_About this task_: Keep only those lines of the records that include the string "also".

_Exercise input_:
------------------------------------
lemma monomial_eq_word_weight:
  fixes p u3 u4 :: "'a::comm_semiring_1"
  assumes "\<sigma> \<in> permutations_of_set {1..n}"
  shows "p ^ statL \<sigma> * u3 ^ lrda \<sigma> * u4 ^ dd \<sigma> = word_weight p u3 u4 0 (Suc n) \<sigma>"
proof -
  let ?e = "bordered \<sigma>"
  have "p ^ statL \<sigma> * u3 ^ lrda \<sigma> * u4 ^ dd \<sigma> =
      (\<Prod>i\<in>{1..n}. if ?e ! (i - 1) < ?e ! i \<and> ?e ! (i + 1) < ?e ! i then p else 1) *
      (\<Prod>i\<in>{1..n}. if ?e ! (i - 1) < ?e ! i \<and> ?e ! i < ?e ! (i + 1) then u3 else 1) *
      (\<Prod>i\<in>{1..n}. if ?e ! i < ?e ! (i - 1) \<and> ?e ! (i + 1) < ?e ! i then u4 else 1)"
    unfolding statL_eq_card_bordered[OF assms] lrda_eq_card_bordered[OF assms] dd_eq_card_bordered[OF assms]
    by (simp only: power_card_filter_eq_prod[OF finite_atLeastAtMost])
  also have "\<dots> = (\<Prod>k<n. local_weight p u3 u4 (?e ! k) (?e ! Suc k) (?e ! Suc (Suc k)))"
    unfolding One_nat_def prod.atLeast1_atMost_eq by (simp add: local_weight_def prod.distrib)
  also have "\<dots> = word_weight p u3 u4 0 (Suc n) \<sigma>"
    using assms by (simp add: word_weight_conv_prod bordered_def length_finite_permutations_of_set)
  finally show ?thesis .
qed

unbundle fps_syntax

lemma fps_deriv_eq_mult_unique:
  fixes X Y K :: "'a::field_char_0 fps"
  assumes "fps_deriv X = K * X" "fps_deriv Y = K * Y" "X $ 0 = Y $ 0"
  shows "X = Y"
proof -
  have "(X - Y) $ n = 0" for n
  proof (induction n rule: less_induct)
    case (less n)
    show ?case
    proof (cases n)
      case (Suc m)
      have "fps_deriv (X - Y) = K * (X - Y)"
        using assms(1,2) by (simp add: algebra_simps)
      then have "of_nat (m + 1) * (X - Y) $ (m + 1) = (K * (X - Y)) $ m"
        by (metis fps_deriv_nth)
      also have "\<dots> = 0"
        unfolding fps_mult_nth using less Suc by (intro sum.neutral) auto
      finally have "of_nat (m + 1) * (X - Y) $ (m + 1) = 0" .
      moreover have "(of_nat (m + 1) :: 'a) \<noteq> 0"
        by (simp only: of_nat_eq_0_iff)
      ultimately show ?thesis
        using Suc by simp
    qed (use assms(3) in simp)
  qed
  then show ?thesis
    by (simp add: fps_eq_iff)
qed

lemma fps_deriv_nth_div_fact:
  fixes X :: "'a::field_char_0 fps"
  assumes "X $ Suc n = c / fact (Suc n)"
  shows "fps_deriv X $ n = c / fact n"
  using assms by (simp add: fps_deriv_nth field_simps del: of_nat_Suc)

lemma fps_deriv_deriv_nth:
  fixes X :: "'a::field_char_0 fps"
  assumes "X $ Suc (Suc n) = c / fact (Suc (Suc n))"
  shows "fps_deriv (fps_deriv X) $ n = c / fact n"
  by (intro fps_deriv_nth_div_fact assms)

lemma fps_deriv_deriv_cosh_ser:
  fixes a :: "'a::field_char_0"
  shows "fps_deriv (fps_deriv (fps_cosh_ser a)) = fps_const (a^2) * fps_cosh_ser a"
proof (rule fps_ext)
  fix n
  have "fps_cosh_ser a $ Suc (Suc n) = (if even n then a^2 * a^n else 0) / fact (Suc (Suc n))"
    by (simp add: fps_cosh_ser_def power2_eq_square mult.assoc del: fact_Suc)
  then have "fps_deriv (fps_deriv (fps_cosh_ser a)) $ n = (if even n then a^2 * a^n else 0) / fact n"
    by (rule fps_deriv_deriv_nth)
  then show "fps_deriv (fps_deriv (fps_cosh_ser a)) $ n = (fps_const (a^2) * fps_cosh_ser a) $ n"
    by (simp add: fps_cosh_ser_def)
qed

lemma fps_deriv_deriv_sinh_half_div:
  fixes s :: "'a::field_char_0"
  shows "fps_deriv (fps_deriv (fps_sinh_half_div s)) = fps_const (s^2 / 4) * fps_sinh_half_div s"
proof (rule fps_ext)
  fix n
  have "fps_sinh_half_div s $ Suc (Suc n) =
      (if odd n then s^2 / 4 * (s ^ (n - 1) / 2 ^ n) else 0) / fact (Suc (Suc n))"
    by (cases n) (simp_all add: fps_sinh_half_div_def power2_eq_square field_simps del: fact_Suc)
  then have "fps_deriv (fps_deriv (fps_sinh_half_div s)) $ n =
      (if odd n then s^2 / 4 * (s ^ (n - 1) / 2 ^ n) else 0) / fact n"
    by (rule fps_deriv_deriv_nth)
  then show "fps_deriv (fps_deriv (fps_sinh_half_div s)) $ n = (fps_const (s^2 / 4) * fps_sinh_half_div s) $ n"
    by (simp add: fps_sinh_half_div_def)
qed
------------------------------------
_Output of the task_:
  also have "\<dots> = (\<Prod>k<n. local_weight p u3 u4 (?e ! k) (?e ! Suc k) (?e ! Suc (Suc k)))"
  also have "\<dots> = word_weight p u3 u4 0 (Suc n) \<sigma>"
      also have "\<dots> = 0"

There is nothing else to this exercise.